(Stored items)

(* Let $n\ge 1$, let $\rho>0$ and let $d_1,\dots,d_n>0$. Let $W=(w_{ij})$ be the $n\times n$ matrix with $w_{ij}=1/d_{\min(i,j)}$, let $\mathbf 1\in\mathbb R^n$ be the column vector of ones, and set $M=W-\frac{1}{\rho}\mathbf 1\mathbf 1^T$. If $d_1\le d_2\le\cdots\le d_n$ and $d_1>\rho$, then $M$ is negative semidefinite.
   Context: Interpretation: $d_i$ is the density of the cargo placed in the $i$-th position from the bottom of a vessel and $\rho$ is the water density; the hypothesis says every cargo lies above cargoes of lower (or equal) density and the lowest cargo is heavier than water. *)

theory Defs
  imports Main "HOL.Real"
begin

text \<open>An n x n real matrix is represented as a function A :: nat => nat => real,
  indexed by i, j in {1..n}.\<close>

definition neg_semidef :: "nat \<Rightarrow> (nat \<Rightarrow> nat \<Rightarrow> real) \<Rightarrow> bool" where
  "neg_semidef n A \<longleftrightarrow>
     (\<forall>i\<in>{1..n}. \<forall>j\<in>{1..n}. A i j = A j i) \<and>
     (\<forall>x :: nat \<Rightarrow> real. (\<Sum>i=1..n. \<Sum>j=1..n. x i * A i j * x j) \<le> 0)"

definition W_mat :: "(nat \<Rightarrow> real) \<Rightarrow> nat \<Rightarrow> nat \<Rightarrow> real" where
  "W_mat d i j = 1 / d (min i j)"

text \<open>M = W - (1/rho) 1 1^T; the matrix 1 1^T has all entries equal to 1.\<close>
definition M_mat :: "(nat \<Rightarrow> real) \<Rightarrow> real \<Rightarrow> nat \<Rightarrow> nat \<Rightarrow> real" where
  "M_mat d \<rho> i j = W_mat d i j - (1 / \<rho>) * 1 * 1"

end

theory Submission
  imports Defs
begin

text \<open>Writing \<open>a i = 1 / d i\<close> and \<open>c = 1 / \<rho>\<close>, the quadratic form of \<open>M\<close> is
  \<open>\<Sum>i j. x i * (a (min i j) - c) * x j\<close> with \<open>a\<close> decreasing and \<open>a 1 \<le> c\<close>.
  Splitting \<open>a (min i j) - c = (a m - c) + (a (min i j) - a m)\<close> peels off the
  nonpositive term \<open>(a m - c) * (\<Sum>j. x j)\<^sup>2\<close>; the remainder vanishes on the row and
  column of index \<open>m\<close>, so it is a form of the same shape on \<open>{m+1..n}\<close> with \<open>c = a m\<close>,
  and induction finishes the proof.\<close>

lemma min_quadratic_form_peel:
  fixes a x :: "nat \<Rightarrow> real"
  assumes "m \<le> n"
  shows "(\<Sum>i=m..n. \<Sum>j=m..n. x i * (a (min i j) - c) * x j)
       = (a m - c) * (\<Sum>j=m..n. x j)\<^sup>2
         + (\<Sum>i=Suc m..n. \<Sum>j=Suc m..n. x i * (a (min i j) - a m) * x j)"
proof -
  have split: "{m..n} = insert m {Suc m..n}" using assms by auto
  have "(\<Sum>i=m..n. \<Sum>j=m..n. x i * (a (min i j) - c) * x j)
      = (\<Sum>i=m..n. \<Sum>j=m..n. (a m - c) * (x i * x j) + x i * (a (min i j) - a m) * x j)"
    by (intro sum.cong refl) (simp add: algebra_simps)
  also have "\<dots> = (a m - c) * (\<Sum>j=m..n. x j)\<^sup>2
      + (\<Sum>i=m..n. \<Sum>j=m..n. x i * (a (min i j) - a m) * x j)"
    by (simp add: sum.distrib sum_distrib_left[symmetric] sum_product power2_eq_square)
  also have "(\<Sum>i=m..n. \<Sum>j=m..n. x i * (a (min i j) - a m) * x j)
      = (\<Sum>i=Suc m..n. \<Sum>j=Suc m..n. x i * (a (min i j) - a m) * x j)"
    unfolding split by (simp add: min_def)
  finally show ?thesis .
qed

lemma min_quadratic_form_nonpos:
  fixes a x :: "nat \<Rightarrow> real"
  assumes "\<And>i j. m \<le> i \<Longrightarrow> i \<le> j \<Longrightarrow> j \<le> n \<Longrightarrow> a j \<le> a i"
    and "a m \<le> c"
  shows "(\<Sum>i=m..n. \<Sum>j=m..n. x i * (a (min i j) - c) * x j) \<le> 0"
  using assms
proof (induction "n - m" arbitrary: m c)
  case 0
  show ?case
  proof (cases "m \<le> n")
    case True
    with 0 have "n = m" by simp
    have "(a m - c) * (x m)\<^sup>2 \<le> 0"
      using "0.prems"(2) by (simp add: mult_nonpos_nonneg)
    with \<open>n = m\<close> show ?thesis by (simp add: power2_eq_square mult_ac)
  qed simp
next
  case (Suc k)
  then have "m \<le> n" by simp
  have rest: "(\<Sum>i=Suc m..n. \<Sum>j=Suc m..n. x i * (a (min i j) - a m) * x j) \<le> 0"
  proof (cases "Suc m \<le> n")
    case True
    with Suc show ?thesis by (intro Suc.hyps) auto
  qed simp
  have "(a m - c) * (\<Sum>j=m..n. x j)\<^sup>2 \<le> 0"
    using Suc.prems(2) by (simp add: mult_nonpos_nonneg)
  with rest show ?case
    by (simp add: min_quadratic_form_peel[OF \<open>m \<le> n\<close>])
qed

theorem mainTheorem4:
  fixes n :: nat and \<rho> :: real and d :: "nat \<Rightarrow> real"
  assumes "n \<ge> 1"
    and "\<rho> > 0"
    and "\<forall>i\<in>{1..n}. d i > 0"
    and "\<forall>i\<in>{1..n}. \<forall>j\<in>{1..n}. i \<le> j \<longrightarrow> d i \<le> d j"
    and "d 1 > \<rho>"
  shows "neg_semidef n (M_mat d \<rho>)"
  unfolding neg_semidef_def
proof (intro conjI allI ballI)
  fix i j
  show "M_mat d \<rho> i j = M_mat d \<rho> j i"
    by (simp add: M_mat_def W_mat_def min.commute)
next
  fix x :: "nat \<Rightarrow> real"
  have decreasing: "1 / d j \<le> 1 / d i" if "1 \<le> i" "i \<le> j" "j \<le> n" for i j
    using that assms(3,4) by (simp add: frac_le)
  have "1 / d 1 \<le> 1 / \<rho>"
    using assms(2,5) by (simp add: frac_le)
  from min_quadratic_form_nonpos[where a = "\<lambda>i. 1 / d i", OF decreasing this]
  show "(\<Sum>i=1..n. \<Sum>j=1..n. x i * M_mat d \<rho> i j * x j) \<le> 0"
    by (simp add: M_mat_def W_mat_def)
qed

end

● EXERCISE:
Word for word, reproduce every line of the data.

● TASK RESULT:
(* Let $n\ge 1$, let $\rho>0$ and let $d_1,\dots,d_n>0$. Let $W=(w_{ij})$ be the $n\times n$ matrix with $w_{ij}=1/d_{\min(i,j)}$, let $\mathbf 1\in\mathbb R^n$ be the column vector of ones, and set $M=W-\frac{1}{\rho}\mathbf 1\mathbf 1^T$. If $d_1\le d_2\le\cdots\le d_n$ and $d_1>\rho$, then $M$ is negative semidefinite.
   Context: Interpretation: $d_i$ is the density of the cargo placed in the $i$-th position from the bottom of a vessel and $\rho$ is the water density; the hypothesis says every cargo lies above cargoes of lower (or equal) density and the lowest cargo is heavier than water. *)

theory Defs
  imports Main "HOL.Real"
begin

text \<open>An n x n real matrix is represented as a function A :: nat => nat => real,
  indexed by i, j in {1..n}.\<close>

definition neg_semidef :: "nat \<Rightarrow> (nat \<Rightarrow> nat \<Rightarrow> real) \<Rightarrow> bool" where
  "neg_semidef n A \<longleftrightarrow>
     (\<forall>i\<in>{1..n}. \<forall>j\<in>{1..n}. A i j = A j i) \<and>
     (\<forall>x :: nat \<Rightarrow> real. (\<Sum>i=1..n. \<Sum>j=1..n. x i * A i j * x j) \<le> 0)"

definition W_mat :: "(nat \<Rightarrow> real) \<Rightarrow> nat \<Rightarrow> nat \<Rightarrow> real" where
  "W_mat d i j = 1 / d (min i j)"

text \<open>M = W - (1/rho) 1 1^T; the matrix 1 1^T has all entries equal to 1.\<close>
definition M_mat :: "(nat \<Rightarrow> real) \<Rightarrow> real \<Rightarrow> nat \<Rightarrow> nat \<Rightarrow> real" where
  "M_mat d \<rho> i j = W_mat d i j - (1 / \<rho>) * 1 * 1"

end

theory Submission
  imports Defs
begin

text \<open>Writing \<open>a i = 1 / d i\<close> and \<open>c = 1 / \<rho>\<close>, the quadratic form of \<open>M\<close> is
  \<open>\<Sum>i j. x i * (a (min i j) - c) * x j\<close> with \<open>a\<close> decreasing and \<open>a 1 \<le> c\<close>.
  Splitting \<open>a (min i j) - c = (a m - c) + (a (min i j) - a m)\<close> peels off the
  nonpositive term \<open>(a m - c) * (\<Sum>j. x j)\<^sup>2\<close>; the remainder vanishes on the row and
  column of index \<open>m\<close>, so it is a form of the same shape on \<open>{m+1..n}\<close> with \<open>c = a m\<close>,
  and induction finishes the proof.\<close>

lemma min_quadratic_form_peel:
  fixes a x :: "nat \<Rightarrow> real"
  assumes "m \<le> n"
  shows "(\<Sum>i=m..n. \<Sum>j=m..n. x i * (a (min i j) - c) * x j)
       = (a m - c) * (\<Sum>j=m..n. x j)\<^sup>2
         + (\<Sum>i=Suc m..n. \<Sum>j=Suc m..n. x i * (a (min i j) - a m) * x j)"
proof -
  have split: "{m..n} = insert m {Suc m..n}" using assms by auto
  have "(\<Sum>i=m..n. \<Sum>j=m..n. x i * (a (min i j) - c) * x j)
      = (\<Sum>i=m..n. \<Sum>j=m..n. (a m - c) * (x i * x j) + x i * (a (min i j) - a m) * x j)"
    by (intro sum.cong refl) (simp add: algebra_simps)
  also have "\<dots> = (a m - c) * (\<Sum>j=m..n. x j)\<^sup>2
      + (\<Sum>i=m..n. \<Sum>j=m..n. x i * (a (min i j) - a m) * x j)"
    by (simp add: sum.distrib sum_distrib_left[symmetric] sum_product power2_eq_square)
  also have "(\<Sum>i=m..n. \<Sum>j=m..n. x i * (a (min i j) - a m) * x j)
      = (\<Sum>i=Suc m..n. \<Sum>j=Suc m..n. x i * (a (min i j) - a m) * x j)"
    unfolding split by (simp add: min_def)
  finally show ?thesis .
qed

lemma min_quadratic_form_nonpos:
  fixes a x :: "nat \<Rightarrow> real"
  assumes "\<And>i j. m \<le> i \<Longrightarrow> i \<le> j \<Longrightarrow> j \<le> n \<Longrightarrow> a j \<le> a i"
    and "a m \<le> c"
  shows "(\<Sum>i=m..n. \<Sum>j=m..n. x i * (a (min i j) - c) * x j) \<le> 0"
  using assms
proof (induction "n - m" arbitrary: m c)
  case 0
  show ?case
  proof (cases "m \<le> n")
    case True
    with 0 have "n = m" by simp
    have "(a m - c) * (x m)\<^sup>2 \<le> 0"
      using "0.prems"(2) by (simp add: mult_nonpos_nonneg)
    with \<open>n = m\<close> show ?thesis by (simp add: power2_eq_square mult_ac)
  qed simp
next
  case (Suc k)
  then have "m \<le> n" by simp
  have rest: "(\<Sum>i=Suc m..n. \<Sum>j=Suc m..n. x i * (a (min i j) - a m) * x j) \<le> 0"
  proof (cases "Suc m \<le> n")
    case True
    with Suc show ?thesis by (intro Suc.hyps) auto
  qed simp
  have "(a m - c) * (\<Sum>j=m..n. x j)\<^sup>2 \<le> 0"
    using Suc.prems(2) by (simp add: mult_nonpos_nonneg)
  with rest show ?case
    by (simp add: min_quadratic_form_peel[OF \<open>m \<le> n\<close>])
qed

theorem mainTheorem4:
  fixes n :: nat and \<rho> :: real and d :: "nat \<Rightarrow> real"
  assumes "n \<ge> 1"
    and "\<rho> > 0"
    and "\<forall>i\<in>{1..n}. d i > 0"
    and "\<forall>i\<in>{1..n}. \<forall>j\<in>{1..n}. i \<le> j \<longrightarrow> d i \<le> d j"
    and "d 1 > \<rho>"
  shows "neg_semidef n (M_mat d \<rho>)"
  unfolding neg_semidef_def
proof (intro conjI allI ballI)
  fix i j
  show "M_mat d \<rho> i j = M_mat d \<rho> j i"
    by (simp add: M_mat_def W_mat_def min.commute)
next
  fix x :: "nat \<Rightarrow> real"
  have decreasing: "1 / d j \<le> 1 / d i" if "1 \<le> i" "i \<le> j" "j \<le> n" for i j
    using that assms(3,4) by (simp add: frac_le)
  have "1 / d 1 \<le> 1 / \<rho>"
    using assms(2,5) by (simp add: frac_le)
  from min_quadratic_form_nonpos[where a = "\<lambda>i. 1 / d i", OF decreasing this]
  show "(\<Sum>i=1..n. \<Sum>j=1..n. x i * M_mat d \<rho> i j * x j) \<le> 0"
    by (simp add: M_mat_def W_mat_def)
qed

end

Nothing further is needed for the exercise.